Data excerpts:
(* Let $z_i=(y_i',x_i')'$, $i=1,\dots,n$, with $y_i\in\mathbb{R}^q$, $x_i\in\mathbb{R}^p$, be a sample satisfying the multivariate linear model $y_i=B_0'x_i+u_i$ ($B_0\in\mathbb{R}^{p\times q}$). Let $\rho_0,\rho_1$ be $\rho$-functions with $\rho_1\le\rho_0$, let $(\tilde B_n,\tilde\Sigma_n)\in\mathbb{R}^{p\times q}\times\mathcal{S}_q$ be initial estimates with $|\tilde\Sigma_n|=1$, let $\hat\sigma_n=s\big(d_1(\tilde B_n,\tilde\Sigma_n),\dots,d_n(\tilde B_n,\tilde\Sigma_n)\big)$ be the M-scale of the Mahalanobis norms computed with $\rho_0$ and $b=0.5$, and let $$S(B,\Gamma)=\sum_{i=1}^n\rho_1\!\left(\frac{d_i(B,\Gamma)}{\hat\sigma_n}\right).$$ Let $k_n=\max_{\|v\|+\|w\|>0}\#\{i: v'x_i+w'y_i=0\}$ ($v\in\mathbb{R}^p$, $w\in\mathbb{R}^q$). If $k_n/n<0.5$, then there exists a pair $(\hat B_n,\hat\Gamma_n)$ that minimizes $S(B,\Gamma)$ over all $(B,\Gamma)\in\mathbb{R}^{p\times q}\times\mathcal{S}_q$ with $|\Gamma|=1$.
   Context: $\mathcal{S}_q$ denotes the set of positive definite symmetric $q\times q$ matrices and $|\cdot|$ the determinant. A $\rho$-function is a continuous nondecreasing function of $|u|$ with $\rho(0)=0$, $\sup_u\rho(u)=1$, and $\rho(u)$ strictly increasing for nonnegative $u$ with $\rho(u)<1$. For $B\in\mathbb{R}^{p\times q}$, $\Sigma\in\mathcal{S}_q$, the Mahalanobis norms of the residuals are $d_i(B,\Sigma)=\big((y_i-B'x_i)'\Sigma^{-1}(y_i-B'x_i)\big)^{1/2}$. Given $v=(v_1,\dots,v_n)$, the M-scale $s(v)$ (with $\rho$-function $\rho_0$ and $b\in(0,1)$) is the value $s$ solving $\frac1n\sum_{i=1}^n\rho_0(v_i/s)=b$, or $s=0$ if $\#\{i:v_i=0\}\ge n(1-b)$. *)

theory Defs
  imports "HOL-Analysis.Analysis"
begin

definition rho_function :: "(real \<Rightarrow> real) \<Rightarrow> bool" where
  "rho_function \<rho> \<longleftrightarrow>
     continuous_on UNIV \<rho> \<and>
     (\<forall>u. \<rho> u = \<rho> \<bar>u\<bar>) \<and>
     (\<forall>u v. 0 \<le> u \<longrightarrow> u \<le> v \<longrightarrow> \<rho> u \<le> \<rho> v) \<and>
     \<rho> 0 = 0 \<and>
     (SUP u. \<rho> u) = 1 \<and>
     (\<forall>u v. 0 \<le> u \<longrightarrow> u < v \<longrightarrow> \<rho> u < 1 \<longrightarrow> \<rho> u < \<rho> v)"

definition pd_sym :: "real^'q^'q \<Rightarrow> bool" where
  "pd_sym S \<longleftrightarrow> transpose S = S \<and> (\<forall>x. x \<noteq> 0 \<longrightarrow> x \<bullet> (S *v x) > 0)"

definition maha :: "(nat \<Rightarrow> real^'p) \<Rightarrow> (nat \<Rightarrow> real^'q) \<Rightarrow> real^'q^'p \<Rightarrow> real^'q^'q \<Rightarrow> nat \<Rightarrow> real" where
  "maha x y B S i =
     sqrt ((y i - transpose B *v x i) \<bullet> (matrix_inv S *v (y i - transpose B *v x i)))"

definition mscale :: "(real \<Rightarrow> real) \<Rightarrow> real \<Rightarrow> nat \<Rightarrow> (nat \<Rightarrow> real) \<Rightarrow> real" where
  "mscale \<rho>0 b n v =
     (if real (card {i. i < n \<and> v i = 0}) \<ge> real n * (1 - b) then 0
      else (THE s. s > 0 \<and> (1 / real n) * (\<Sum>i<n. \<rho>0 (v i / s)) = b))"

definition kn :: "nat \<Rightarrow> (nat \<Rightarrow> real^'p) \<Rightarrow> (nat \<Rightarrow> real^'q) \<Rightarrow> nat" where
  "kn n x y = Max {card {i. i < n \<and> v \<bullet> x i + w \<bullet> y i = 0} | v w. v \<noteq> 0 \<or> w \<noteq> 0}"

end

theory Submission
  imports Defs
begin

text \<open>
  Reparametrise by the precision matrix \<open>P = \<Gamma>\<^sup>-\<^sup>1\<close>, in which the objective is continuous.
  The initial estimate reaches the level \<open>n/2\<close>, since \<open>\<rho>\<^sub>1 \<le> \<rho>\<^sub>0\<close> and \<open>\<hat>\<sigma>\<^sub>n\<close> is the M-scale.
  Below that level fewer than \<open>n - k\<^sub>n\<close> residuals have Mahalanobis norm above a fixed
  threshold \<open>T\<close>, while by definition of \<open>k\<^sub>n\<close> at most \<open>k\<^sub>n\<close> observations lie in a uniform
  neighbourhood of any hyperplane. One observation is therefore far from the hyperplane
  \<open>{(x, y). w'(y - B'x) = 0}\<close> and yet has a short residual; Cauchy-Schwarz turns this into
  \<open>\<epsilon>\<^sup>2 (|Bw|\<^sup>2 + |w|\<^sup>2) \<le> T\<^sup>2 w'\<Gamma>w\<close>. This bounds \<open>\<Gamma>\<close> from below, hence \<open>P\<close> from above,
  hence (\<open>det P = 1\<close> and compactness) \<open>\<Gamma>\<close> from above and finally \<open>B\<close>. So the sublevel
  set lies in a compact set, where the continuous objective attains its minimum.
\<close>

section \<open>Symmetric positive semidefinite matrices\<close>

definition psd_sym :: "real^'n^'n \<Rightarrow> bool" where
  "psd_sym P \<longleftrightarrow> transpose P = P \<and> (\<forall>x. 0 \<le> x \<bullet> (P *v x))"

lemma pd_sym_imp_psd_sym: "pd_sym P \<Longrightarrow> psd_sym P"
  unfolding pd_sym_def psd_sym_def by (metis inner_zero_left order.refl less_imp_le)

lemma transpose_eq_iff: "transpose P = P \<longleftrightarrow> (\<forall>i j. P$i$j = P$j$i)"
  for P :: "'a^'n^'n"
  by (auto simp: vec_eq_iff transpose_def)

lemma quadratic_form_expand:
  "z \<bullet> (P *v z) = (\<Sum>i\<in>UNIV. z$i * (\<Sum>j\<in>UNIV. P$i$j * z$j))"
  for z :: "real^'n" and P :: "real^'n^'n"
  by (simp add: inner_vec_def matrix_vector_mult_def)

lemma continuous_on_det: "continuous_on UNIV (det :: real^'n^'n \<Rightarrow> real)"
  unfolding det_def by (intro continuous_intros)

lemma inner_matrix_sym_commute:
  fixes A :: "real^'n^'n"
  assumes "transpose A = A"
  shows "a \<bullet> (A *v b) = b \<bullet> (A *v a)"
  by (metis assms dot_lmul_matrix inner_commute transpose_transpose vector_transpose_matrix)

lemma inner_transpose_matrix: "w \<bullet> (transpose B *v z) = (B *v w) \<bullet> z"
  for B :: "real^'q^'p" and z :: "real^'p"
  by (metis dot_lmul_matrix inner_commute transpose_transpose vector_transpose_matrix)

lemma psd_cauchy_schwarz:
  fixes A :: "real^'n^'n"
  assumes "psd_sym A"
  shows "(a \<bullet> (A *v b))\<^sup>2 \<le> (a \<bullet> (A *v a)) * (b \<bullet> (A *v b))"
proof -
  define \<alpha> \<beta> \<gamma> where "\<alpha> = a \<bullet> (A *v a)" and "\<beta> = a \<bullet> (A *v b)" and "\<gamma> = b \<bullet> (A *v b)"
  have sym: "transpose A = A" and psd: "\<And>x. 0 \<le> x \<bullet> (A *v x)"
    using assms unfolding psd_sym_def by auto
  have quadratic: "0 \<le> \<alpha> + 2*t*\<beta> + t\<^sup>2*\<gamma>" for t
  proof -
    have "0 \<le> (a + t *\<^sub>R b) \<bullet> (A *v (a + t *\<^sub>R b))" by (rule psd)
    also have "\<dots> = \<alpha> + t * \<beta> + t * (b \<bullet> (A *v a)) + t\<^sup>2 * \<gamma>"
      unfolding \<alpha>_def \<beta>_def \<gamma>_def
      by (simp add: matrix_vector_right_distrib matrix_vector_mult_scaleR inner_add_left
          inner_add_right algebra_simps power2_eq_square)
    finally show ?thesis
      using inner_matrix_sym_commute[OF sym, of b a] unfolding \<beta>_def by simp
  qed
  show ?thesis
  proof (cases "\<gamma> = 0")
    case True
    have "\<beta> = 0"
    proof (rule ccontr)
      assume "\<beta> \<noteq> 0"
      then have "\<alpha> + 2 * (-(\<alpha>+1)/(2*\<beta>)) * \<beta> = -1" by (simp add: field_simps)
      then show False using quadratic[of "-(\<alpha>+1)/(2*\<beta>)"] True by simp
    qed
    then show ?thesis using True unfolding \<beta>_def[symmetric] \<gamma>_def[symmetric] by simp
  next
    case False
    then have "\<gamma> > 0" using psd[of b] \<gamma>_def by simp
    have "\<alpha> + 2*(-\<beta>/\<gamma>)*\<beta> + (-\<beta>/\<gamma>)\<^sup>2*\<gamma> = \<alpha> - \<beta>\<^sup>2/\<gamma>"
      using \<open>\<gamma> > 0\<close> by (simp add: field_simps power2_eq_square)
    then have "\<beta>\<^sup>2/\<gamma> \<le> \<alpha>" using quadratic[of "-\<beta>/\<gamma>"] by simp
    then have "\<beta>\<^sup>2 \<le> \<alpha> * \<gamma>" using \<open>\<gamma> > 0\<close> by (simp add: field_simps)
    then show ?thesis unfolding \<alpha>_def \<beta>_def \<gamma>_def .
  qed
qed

#### [What to do]
Taking the lines above, repeat exactly those from the line that contains "imports Defs" through the line that contains "Below that level", and both of those lines as well. Include nothing else.

#### [Solution to the problem]
  imports Defs
begin

text \<open>
  Reparametrise by the precision matrix \<open>P = \<Gamma>\<^sup>-\<^sup>1\<close>, in which the objective is continuous.
  The initial estimate reaches the level \<open>n/2\<close>, since \<open>\<rho>\<^sub>1 \<le> \<rho>\<^sub>0\<close> and \<open>\<hat>\<sigma>\<^sub>n\<close> is the M-scale.
  Below that level fewer than \<open>n - k\<^sub>n\<close> residuals have Mahalanobis norm above a fixed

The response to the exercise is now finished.